Placement of the 13 TIF2 helices into closest proximity revealed their arrangement as a superhelix of outer diameter 42 × 46 Å. The superhelix has a left-handed twist and is extended by crystallographic symmetry, hence traversing the crystal (Fig. 6a). The height of a single turn is 66 Å with 13 repeats per turn. The projection of the asymmetric unit along the NCS axis is a barrel (Fig. 6b), albeit very different compared to the parallel α-helical barrels considered above. The helices are not arranged parallel to each other but are organized in pairs which point their C-termini towards each other and the N-termini are located on the surface of the superhelix (Fig. 6). This non-parallel arrangement of protomers may contribute to the absence of self-Patterson peaks and would have been difficult to anticipate from NCS analyses. The repeating unit in the superhelix is thus a pair of α-helices, one of which is shared by two individual turns. There are two pairs of leucine residues in the TIF2 sequence, Leu5/6 and Leu9/10, which interlace to form a continuous hydrophobic core in the superhelix (grey sticks in Figs. 6b and 6c). A similarly extended hydrophobic core is present in the packing of the P22 tailspike adhesin β-helix (Simkovsky & King, 2006), in armadillo repeats (Reichen et al., 2014) and in amyloid-β structures (Colletier et al., 2011). Together with a cholic acid ligand interaction (see below) this interdigitation of aliphatic residues seems to be the driving force for generating the TIF2 superhelix. The individual helices are quite similar to each other and superimpose with r.m.s.d. values of 0.12 ± 0.03 Å and 0.22 ± 0.06 Å, respectively, for secondary-structure matching of the main-chain atoms and for least-squares matching of all atoms including side chains (Fig. 7a). A central core of eight residues (NALLRYLL) is almost invariant among the protomers. The largest conformational differences are seen in the two C-terminal residues, which deviate from ideal α-helical geometry, the tips of the Glu1 and Arg7 side chains, and the carboxylate group of cholic acid (see below). Two sulfate ions are present per protomer; one is located close to the N-terminus and neutralizes the helix dipole, and the other is bound to the guanidinium side chain of Arg7. The acetyl group at the N-terminus of the TIF2 peptide continues the helical hydrogen-bonding pattern, effectively serving as a helix cap (Fig. 7a).

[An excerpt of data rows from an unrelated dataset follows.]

lemma ug_order_le_dbw_order_if_image_subset:
  assumes "Y \<subseteq> EH" "\<phi> ` boundary Y \<subseteq> SV ED X \<union> SV ED (ED - X)"
  shows "ug_order EH u_ends Y \<le> dbw_order ED X"
proof -
  have "inj_on \<phi> (boundary Y)"
  proof (rule inj_onI)
    fix v w assume "v \<in> boundary Y" "w \<in> boundary Y" "\<phi> v = \<phi> w"
    then show "v = w"
      using boundaryE[OF _ assms(1)] inner_vertex_inj unfolding inner_vertex_def by metis
  qed
  then have "card (boundary Y) = card (\<phi> ` boundary Y)" by (simp add: card_image)
  also have "\<dots> \<le> card (SV ED X \<union> SV ED (ED - X))"
    using assms(2) finite_SV_union by (rule card_mono[rotated])
  finally show ?thesis unfolding dbw_order_def ug_order_eq_card_boundary .
qed

lemma ug_order_le_dbw_order_preimage:
  assumes Y: "Y \<subseteq> EH" and pre: "\<forall>e\<in>EH. e \<in> Y \<longleftrightarrow> edge_map e \<in> X"
  shows "ug_order EH u_ends Y \<le> dbw_order ED X"
proof (rule ug_order_le_dbw_order_if_image_subset[OF Y], rule image_subsetI)
  fix v assume "v \<in> boundary Y"
  then obtain ei eo where io: "ei \<in> EH" "eo \<in> EH" "snd ei = v" "fst eo = v" "ei \<in> Y \<longleftrightarrow> eo \<notin> Y"
    using boundary_in_out_edges Y by blast
  then have "edge_map ei = (\<phi> (fst ei), \<phi> v)" "edge_map eo = (\<phi> v, \<phi> (snd eo))"
    unfolding edge_map_def by auto
  then show "\<phi> v \<in> SV ED X \<union> SV ED (ED - X)"
    using io pre edge_map_in[of ei] edge_map_in[of eo] unfolding SV_def by (cases "ei \<in> Y") force+
qed

lemma ug_order_le_dbw_order_fibre:
  assumes S: "S \<subseteq> EH" and fibre: "\<forall>e\<in>S. edge_map e = d"
  shows "ug_order EH u_ends S \<le> dbw_order ED {d}"
proof (rule ug_order_le_dbw_order_if_image_subset[OF S], rule image_subsetI)
  fix v assume "v \<in> boundary S"
  then obtain e where e: "e \<in> S" "v \<in> u_ends e" "inner_vertex v"
    using boundaryE S by metis
  have "edge_map e = d" using fibre e(1) by auto
  then have d: "d = (\<phi> (fst e), \<phi> (snd e))" "d \<in> ED"
    using edge_map_in[of e] S e(1) unfolding edge_map_def by auto
  then have nl: "\<phi> (fst e) \<noteq> \<phi> (snd e)" using wf_D unfolding wf_digraph_def by auto
  obtain u z where u: "(u, v) \<in> EH" and z: "(v, z) \<in> EH" using inner_vertexE[OF e(3)] .
  have "(\<phi> u, \<phi> v) \<in> ED" "(\<phi> v, \<phi> z) \<in> ED"
    using edge_map_in[OF u] edge_map_in[OF z] unfolding edge_map_def by auto
  moreover have "fst e = v \<or> snd e = v" using e(2) unfolding u_ends_def by auto
  ultimately show "\<phi> v \<in> SV ED {d} \<union> SV ED (ED - {d})"
    using d nl unfolding SV_def by auto
qed

lemma dbw_order_le_ug_order:
  assumes Y: "Y \<subseteq> EH" and X: "X \<subseteq> edge_map ` Y" "ED - X \<subseteq> edge_map ` (EH - Y)"
  shows "dbw_order ED X \<le> ug_order EH u_ends Y"
proof -
  have meet: "v \<in> \<phi> ` boundary Y"
    if "e1 \<in> EH" "e2 \<in> EH" "edge_map e2 = (x, v)" "edge_map e1 = (v, z)" "e1 \<in> Y \<longleftrightarrow> e2 \<notin> Y"
    for x v z e1 e2
  proof -
    have "snd e2 = fst e1" using edge_map_meet that(1-4) unfolding edge_map_def by auto
    then have "fst e1 \<in> u_ends e1" "fst e1 \<in> u_ends e2" unfolding u_ends_def by auto
    then have "fst e1 \<in> boundary Y"
      using that(1,2,5) unfolding boundary_def by (cases "e1 \<in> Y") blast+
    moreover have "\<phi> (fst e1) = v" using that(4) unfolding edge_map_def by auto
    ultimately show ?thesis by blast
  qed
  have XED: "X \<subseteq> ED" using X(1) Y unfolding ED_eq_image by auto
  have lift: "\<exists>e\<in>EH. edge_map e = d \<and> (e \<in> Y \<longleftrightarrow> d \<in> X)" if dED: "d \<in> ED" for d
  proof (cases "d \<in> X")
    case True
    then obtain e where "e \<in> Y" "edge_map e = d" using X(1) by blast
    then show ?thesis using Y True by blast
  next
    case False
    then obtain e where "e \<in> EH - Y" "edge_map e = d" using X(2) dED by blast
    then show ?thesis using False by blast
  qed
  have "SV ED X \<union> SV ED (ED - X) \<subseteq> \<phi> ` boundary Y"
  proof
    fix v assume "v \<in> SV ED X \<union> SV ED (ED - X)"
    then obtain x z where xz: "(x, v) \<in> ED" "(v, z) \<in> ED" "(x, v) \<in> X \<longleftrightarrow> (v, z) \<notin> X"
      unfolding SV_def using XED by auto
    obtain e1 e2 where "e2 \<in> EH" "edge_map e2 = (x, v)" "e2 \<in> Y \<longleftrightarrow> (x, v) \<in> X"
        "e1 \<in> EH" "edge_map e1 = (v, z)" "e1 \<in> Y \<longleftrightarrow> (v, z) \<in> X"
      using lift[OF xz(1)] lift[OF xz(2)] by blast
    then show "v \<in> \<phi> ` boundary Y" using meet xz(3) by blast
  qed
  then have "card (SV ED X \<union> SV ED (ED - X)) \<le> card (\<phi> ` boundary Y)"
    using finite_boundary by (intro card_mono) auto
  also have "\<dots> \<le> card (boundary Y)" using card_image_le finite_boundary by blast
  finally show ?thesis unfolding dbw_order_def ug_order_eq_card_boundary .
qed

definition rep :: "'b \<times> 'b \<Rightarrow> 'a \<times> 'a" where
  "rep d = (SOME e. e \<in> EH \<and> edge_map e = d)"

lemma rep: "d \<in> ED \<Longrightarrow> rep d \<in> EH \<and> edge_map (rep d) = d"
  unfolding rep_def ED_eq_image by (rule someI_ex) blast

lemma inj_on_rep: "inj_on rep ED"
  using rep by (metis inj_onI)

lemma bij_betw_edge_map_rep: "bij_betw edge_map (rep ` ED) ED"
proof -
  have "edge_map ` rep ` ED = ED" using rep by (force simp: image_image)
  moreover have "inj_on edge_map (rep ` ED)" using rep by (auto simp: inj_on_def)
  ultimately show ?thesis unfolding bij_betw_def by blast
qed

lemma dbw_order_singleton_le:
  assumes "branch_decomposition N TE \<sigma> ED" "d \<in> ED"
  shows "dbw_order ED {d} \<le> decomp_width (dbw_order ED) N TE \<sigma>"
  using assms dbw_order_full unfolding branch_decomposition_def
  by (intro order_singleton_le_decomp_width) auto

lemma ug_order_fibred_cut_le:
  assumes Y: "Y \<subseteq> EH" and cut: "fibred_cut edge_map Xs EH Y"
    and Xs: "\<forall>X\<in>Xs. dbw_order ED X \<le> w" and singletons: "\<forall>d\<in>ED. dbw_order ED {d} \<le> w"
  shows "ug_order EH u_ends Y \<le> w"
proof -
  have fibre_le: "ug_order EH u_ends S \<le> w" if "S \<subseteq> EH" "\<forall>e\<in>S. edge_map e = d" for S d
  proof (cases "S = {}")
    case True
    then show ?thesis by (simp add: ug_order_empty)
  next
    case False
    then obtain e where "e \<in> S" by blast
    then have "d \<in> ED" using that edge_map_in[of e] by auto
    then have "dbw_order ED {d} \<le> w" using singletons by blast
    then show ?thesis using ug_order_le_dbw_order_fibre[OF that] by linarith
  qed
  from cut consider (preimage) X where "X \<in> Xs" "Y = {e\<in>EH. edge_map e \<in> X}"
    | (fibre) d where "\<forall>e\<in>Y. edge_map e = d" | (cofibre) d where "\<forall>e\<in>EH - Y. edge_map e = d"
    unfolding fibred_cut_def by blast
  then show ?thesis
  proof cases
    case preimage
    then have "ug_order EH u_ends Y \<le> dbw_order ED X"
      using ug_order_le_dbw_order_preimage[OF Y, of X] by blast
    then show ?thesis using Xs preimage(1) by (meson le_trans)
  next
    case fibre
    then show ?thesis using fibre_le[OF Y] by blast
  next
    case cofibre
    then show ?thesis using fibre_le[of "EH - Y" d] ug_order_complement[OF Y, of u_ends] by simp
  qed
qed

When bound to GR the TIF2 sequence NALLRYLL forms an eight-residue α-helix with frayed ends. In contrast, when crystallized alone the TIF2 peptide forms an α-helix over its entire length less the C-terminal aspartyl amide, but including the N-terminal acetyl group. The two TIF2 conformations superimpose with a main-chain atom r.m.s.d. of 0.7 Å and have their N-termini 4.5 Å away from each other (spheres in Fig. 7b). The conformation of TIF2 that is present in the superhelix would clash with residues from GR, explaining why the helix of the co-activator peptide must be shorter when bound to the receptor. There is currently no crystal structure available for the entire co-activator (the entire TIF2 has 1464 residues) or a structural domain encompassing the TIF2 motif that recognizes GR. Thus, at present it cannot be determined whether the co-activator helix has to partially melt in order to bind to GR or whether its conformation in the context of the co-activator is already the same as that seen in the GR/TIF2 complex.

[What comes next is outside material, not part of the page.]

(* Let $G$ be a TDLC-group and $P$ a finitely generated projective discrete $\mathbb{Q}[G]$-module. Then the filling pseudo-norm of $P$ is a norm. Moreover, if $P$ is a direct summand of a finitely generated proper permutation module $\mathbb{Q}[\Omega]$, then $P$ is undistorted in $\mathbb{Q}[\Omega]$, i.e. the restriction of $\|\cdot\|_1^\Omega$ to $P$ is equivalent to the filling pseudo-norm of $P$.
   Context: A TDLC-group is a totally disconnected locally compact Hausdorff topological group. A discrete $\mathbb{Q}[G]$-module is a left $\mathbb{Q}[G]$-module in which every element has open stabilizer; projectivity refers to the category of discrete modules, in which a module is projective iff it is a direct summand of a proper permutation module. A $G$-set $\Omega$ is proper if all point stabilizers are compact open; $\mathbb{Q}[\Omega]$ is then a proper permutation module, finitely generated iff $\Omega/G$ is finite, with $\ell_1$-norm $\|\sum a_\omega\omega\|_1^\Omega=\sum|a_\omega|$. For a surjection $\partial:\mathbb{Q}[\Omega]\twoheadrightarrow M$ from a finitely generated proper permutation module, the filling pseudo-norm is $\|m\|_\partial=\inf\{\|x\|_1^\Omega:\partial(x)=m\}$; any two filling pseudo-norms on $M$ are equivalent (equivalence: each bounded by a constant times the other). *)

theory Defs
  imports "HOL-Analysis.Analysis"
begin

The high quality of the SHELXE electron density allowed detection of an error in the TIF2 peptide sequence used for crystallization (Fig. 8). The first two residues are swapped, possibly due to a typo that occurred when the peptide synthesizer was programmed. In addition, non-proteinaceous electron density identified a molecule that is wedged between two adjacent TIF2 helices and that mediates contact between them by means of hydrogen bonds and van der Waals interactions (Fig. 8). From the SHELXE density alone it was clear that the ligand is a steroid, which was unanticipated but is easily explained by the buffer component CHAPS, an amide of cholic acid. No electron density for the amino part of this detergent was detected, indicating either disorder or a hydrolytic event that generated cholic acid. Quantitative mass-spectrometric analysis of CHAPS revealed the presence of 40 p.p.m. cholic acid, corresponding to 49 µM in the crystallization buffer. Thus, in principle there is enough contaminating cholic acid to explain its presence in the crystal structure. The cholic acid composes about one quarter of the total scattering mass.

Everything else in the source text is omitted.